▶ [Assigned task]
The entries below contain a line with "section \<open>Stochastic errors\<close>" and a line with "x. i \<in> I". Quote exactly those two lines and all lines between them.

Stored data entries:
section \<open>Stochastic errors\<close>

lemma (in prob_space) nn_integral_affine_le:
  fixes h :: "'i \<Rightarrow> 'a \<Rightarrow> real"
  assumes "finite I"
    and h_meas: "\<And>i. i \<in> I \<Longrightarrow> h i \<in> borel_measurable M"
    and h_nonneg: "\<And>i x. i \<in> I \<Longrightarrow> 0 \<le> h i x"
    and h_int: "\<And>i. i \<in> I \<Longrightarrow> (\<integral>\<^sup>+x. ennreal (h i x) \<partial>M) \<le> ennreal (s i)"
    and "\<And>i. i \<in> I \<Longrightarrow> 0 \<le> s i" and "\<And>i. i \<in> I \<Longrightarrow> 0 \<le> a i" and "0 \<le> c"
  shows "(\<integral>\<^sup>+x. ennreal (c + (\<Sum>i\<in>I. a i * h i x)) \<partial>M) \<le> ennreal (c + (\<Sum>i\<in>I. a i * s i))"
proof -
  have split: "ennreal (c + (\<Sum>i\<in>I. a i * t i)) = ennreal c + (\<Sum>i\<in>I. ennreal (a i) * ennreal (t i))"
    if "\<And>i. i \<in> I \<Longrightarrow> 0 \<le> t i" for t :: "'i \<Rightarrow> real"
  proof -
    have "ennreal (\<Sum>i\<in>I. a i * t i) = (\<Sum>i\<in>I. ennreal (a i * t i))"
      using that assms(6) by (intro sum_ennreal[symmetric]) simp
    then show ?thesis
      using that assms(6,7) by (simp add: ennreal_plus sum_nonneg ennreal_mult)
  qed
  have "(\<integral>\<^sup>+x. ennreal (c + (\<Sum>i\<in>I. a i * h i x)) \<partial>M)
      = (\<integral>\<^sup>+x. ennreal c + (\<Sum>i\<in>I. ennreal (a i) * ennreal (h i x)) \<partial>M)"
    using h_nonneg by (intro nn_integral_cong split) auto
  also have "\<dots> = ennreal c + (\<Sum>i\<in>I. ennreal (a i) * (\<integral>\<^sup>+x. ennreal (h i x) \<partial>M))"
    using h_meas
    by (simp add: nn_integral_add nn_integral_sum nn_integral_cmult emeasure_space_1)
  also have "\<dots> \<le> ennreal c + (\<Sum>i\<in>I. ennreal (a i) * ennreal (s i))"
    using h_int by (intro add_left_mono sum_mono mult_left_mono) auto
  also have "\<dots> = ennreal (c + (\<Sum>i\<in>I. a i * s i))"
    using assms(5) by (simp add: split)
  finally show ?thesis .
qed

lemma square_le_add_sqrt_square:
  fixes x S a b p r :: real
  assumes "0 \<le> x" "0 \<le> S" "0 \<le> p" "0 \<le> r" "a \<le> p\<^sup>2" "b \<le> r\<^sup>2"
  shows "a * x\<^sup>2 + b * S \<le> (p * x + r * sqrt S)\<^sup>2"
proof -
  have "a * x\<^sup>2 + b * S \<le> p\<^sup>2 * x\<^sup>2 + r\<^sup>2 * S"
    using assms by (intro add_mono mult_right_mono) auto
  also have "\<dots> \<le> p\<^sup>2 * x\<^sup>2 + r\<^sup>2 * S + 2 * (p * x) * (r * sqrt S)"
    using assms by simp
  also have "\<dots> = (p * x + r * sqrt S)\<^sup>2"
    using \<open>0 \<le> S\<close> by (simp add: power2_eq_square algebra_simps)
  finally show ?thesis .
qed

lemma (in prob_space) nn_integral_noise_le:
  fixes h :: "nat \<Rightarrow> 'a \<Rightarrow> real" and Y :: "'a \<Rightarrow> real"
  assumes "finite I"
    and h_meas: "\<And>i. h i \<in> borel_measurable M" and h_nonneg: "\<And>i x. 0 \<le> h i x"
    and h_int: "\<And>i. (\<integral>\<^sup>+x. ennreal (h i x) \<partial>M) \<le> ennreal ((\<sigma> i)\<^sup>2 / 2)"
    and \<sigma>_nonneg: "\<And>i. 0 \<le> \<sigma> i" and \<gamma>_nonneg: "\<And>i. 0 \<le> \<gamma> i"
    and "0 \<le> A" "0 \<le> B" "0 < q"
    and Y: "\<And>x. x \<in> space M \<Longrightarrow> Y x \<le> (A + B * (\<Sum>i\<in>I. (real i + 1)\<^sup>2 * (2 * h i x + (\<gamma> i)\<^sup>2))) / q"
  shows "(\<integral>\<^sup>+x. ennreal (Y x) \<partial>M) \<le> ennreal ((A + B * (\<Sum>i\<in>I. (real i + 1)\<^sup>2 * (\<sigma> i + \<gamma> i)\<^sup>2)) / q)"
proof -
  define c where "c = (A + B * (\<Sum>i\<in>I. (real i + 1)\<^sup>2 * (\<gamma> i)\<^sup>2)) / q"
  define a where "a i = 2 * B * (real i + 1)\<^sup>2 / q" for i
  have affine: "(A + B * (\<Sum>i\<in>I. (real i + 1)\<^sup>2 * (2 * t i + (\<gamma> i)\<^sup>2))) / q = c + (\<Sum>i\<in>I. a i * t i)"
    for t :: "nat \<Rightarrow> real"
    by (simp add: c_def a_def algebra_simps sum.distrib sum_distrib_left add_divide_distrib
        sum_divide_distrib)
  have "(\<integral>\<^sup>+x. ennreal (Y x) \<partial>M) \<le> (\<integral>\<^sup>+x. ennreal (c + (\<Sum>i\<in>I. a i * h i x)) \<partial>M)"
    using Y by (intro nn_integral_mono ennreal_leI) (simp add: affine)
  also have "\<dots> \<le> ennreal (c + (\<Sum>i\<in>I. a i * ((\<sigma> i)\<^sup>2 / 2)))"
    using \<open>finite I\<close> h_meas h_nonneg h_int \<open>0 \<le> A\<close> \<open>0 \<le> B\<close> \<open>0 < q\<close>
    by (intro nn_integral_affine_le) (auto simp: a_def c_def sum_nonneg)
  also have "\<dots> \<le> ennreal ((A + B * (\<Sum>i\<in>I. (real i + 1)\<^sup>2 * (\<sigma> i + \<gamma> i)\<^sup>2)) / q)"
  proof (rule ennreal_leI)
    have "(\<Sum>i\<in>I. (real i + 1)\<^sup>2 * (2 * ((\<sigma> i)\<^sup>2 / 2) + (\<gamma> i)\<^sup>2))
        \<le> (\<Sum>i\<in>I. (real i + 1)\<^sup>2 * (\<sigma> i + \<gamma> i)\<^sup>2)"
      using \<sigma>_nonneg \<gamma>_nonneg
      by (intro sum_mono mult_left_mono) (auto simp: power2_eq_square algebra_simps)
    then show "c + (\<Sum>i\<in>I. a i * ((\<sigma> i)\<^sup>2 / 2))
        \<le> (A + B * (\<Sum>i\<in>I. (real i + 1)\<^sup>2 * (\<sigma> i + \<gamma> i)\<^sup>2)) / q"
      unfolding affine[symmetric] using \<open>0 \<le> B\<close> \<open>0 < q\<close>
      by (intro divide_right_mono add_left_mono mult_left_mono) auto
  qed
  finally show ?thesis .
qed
...
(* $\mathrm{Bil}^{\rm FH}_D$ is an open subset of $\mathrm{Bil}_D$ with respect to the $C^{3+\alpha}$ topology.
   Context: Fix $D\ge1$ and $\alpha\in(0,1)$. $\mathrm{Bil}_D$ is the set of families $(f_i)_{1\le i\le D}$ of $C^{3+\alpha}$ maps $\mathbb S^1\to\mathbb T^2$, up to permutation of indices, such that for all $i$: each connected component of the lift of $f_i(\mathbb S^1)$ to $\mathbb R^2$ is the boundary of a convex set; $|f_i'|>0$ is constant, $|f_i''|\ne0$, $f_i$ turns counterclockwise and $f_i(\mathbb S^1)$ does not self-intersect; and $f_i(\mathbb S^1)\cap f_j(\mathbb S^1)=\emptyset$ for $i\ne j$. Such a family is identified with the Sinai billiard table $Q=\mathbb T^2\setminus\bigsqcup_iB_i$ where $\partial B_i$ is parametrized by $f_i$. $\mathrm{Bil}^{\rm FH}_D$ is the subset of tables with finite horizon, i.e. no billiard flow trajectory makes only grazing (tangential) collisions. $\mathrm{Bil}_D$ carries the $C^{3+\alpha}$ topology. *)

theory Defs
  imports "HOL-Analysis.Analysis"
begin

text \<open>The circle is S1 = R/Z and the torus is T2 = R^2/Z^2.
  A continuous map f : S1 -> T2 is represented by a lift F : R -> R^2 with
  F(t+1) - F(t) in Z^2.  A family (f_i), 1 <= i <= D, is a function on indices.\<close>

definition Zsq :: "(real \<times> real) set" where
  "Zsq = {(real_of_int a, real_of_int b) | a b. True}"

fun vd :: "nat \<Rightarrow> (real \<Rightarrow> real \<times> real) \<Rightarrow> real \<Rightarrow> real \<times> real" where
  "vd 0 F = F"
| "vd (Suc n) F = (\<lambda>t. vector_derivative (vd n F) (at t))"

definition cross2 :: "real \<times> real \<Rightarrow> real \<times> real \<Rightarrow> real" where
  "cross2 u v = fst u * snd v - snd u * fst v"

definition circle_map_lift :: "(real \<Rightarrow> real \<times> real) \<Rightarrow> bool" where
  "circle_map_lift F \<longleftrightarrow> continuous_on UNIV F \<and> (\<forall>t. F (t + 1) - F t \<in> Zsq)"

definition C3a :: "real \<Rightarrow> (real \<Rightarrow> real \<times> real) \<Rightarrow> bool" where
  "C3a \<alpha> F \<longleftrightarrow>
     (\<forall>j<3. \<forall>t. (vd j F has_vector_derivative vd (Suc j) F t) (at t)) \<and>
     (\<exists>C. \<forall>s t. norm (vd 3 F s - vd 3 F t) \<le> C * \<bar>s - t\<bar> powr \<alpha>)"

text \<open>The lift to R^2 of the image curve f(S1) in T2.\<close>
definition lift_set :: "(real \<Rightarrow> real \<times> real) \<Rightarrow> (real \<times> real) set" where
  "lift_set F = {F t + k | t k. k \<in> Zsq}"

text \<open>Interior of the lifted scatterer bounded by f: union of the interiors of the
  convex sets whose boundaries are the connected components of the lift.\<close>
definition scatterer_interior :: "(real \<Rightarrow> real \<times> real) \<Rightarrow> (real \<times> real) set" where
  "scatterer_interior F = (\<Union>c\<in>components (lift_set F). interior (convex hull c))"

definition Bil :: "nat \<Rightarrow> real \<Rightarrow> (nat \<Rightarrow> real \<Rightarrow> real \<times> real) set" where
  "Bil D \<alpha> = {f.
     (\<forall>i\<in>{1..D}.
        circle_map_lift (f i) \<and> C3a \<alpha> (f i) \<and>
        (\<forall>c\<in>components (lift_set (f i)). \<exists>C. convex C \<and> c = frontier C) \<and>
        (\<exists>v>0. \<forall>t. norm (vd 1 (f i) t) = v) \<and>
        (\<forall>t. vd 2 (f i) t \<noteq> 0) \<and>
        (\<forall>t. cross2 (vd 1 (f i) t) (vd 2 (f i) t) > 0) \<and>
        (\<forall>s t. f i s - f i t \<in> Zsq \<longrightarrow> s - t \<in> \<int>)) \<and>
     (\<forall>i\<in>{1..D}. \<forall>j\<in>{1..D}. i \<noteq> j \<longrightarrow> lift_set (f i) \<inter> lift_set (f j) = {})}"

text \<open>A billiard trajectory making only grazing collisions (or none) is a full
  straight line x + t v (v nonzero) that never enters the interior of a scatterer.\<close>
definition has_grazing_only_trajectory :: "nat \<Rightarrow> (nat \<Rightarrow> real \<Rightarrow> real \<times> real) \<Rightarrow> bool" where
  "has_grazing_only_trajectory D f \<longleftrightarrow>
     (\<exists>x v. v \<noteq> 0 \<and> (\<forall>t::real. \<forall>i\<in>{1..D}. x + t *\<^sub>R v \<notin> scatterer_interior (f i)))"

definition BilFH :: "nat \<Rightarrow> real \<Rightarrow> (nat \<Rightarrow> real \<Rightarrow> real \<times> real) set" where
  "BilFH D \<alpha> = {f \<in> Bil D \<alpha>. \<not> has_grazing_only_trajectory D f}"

▶ [Answer area]
section \<open>Stochastic errors\<close>

lemma (in prob_space) nn_integral_affine_le:
  fixes h :: "'i \<Rightarrow> 'a \<Rightarrow> real"
  assumes "finite I"
    and h_meas: "\<And>i. i \<in> I \<Longrightarrow> h i \<in> borel_measurable M"
    and h_nonneg: "\<And>i x. i \<in> I \<Longrightarrow> 0 \<le> h i x"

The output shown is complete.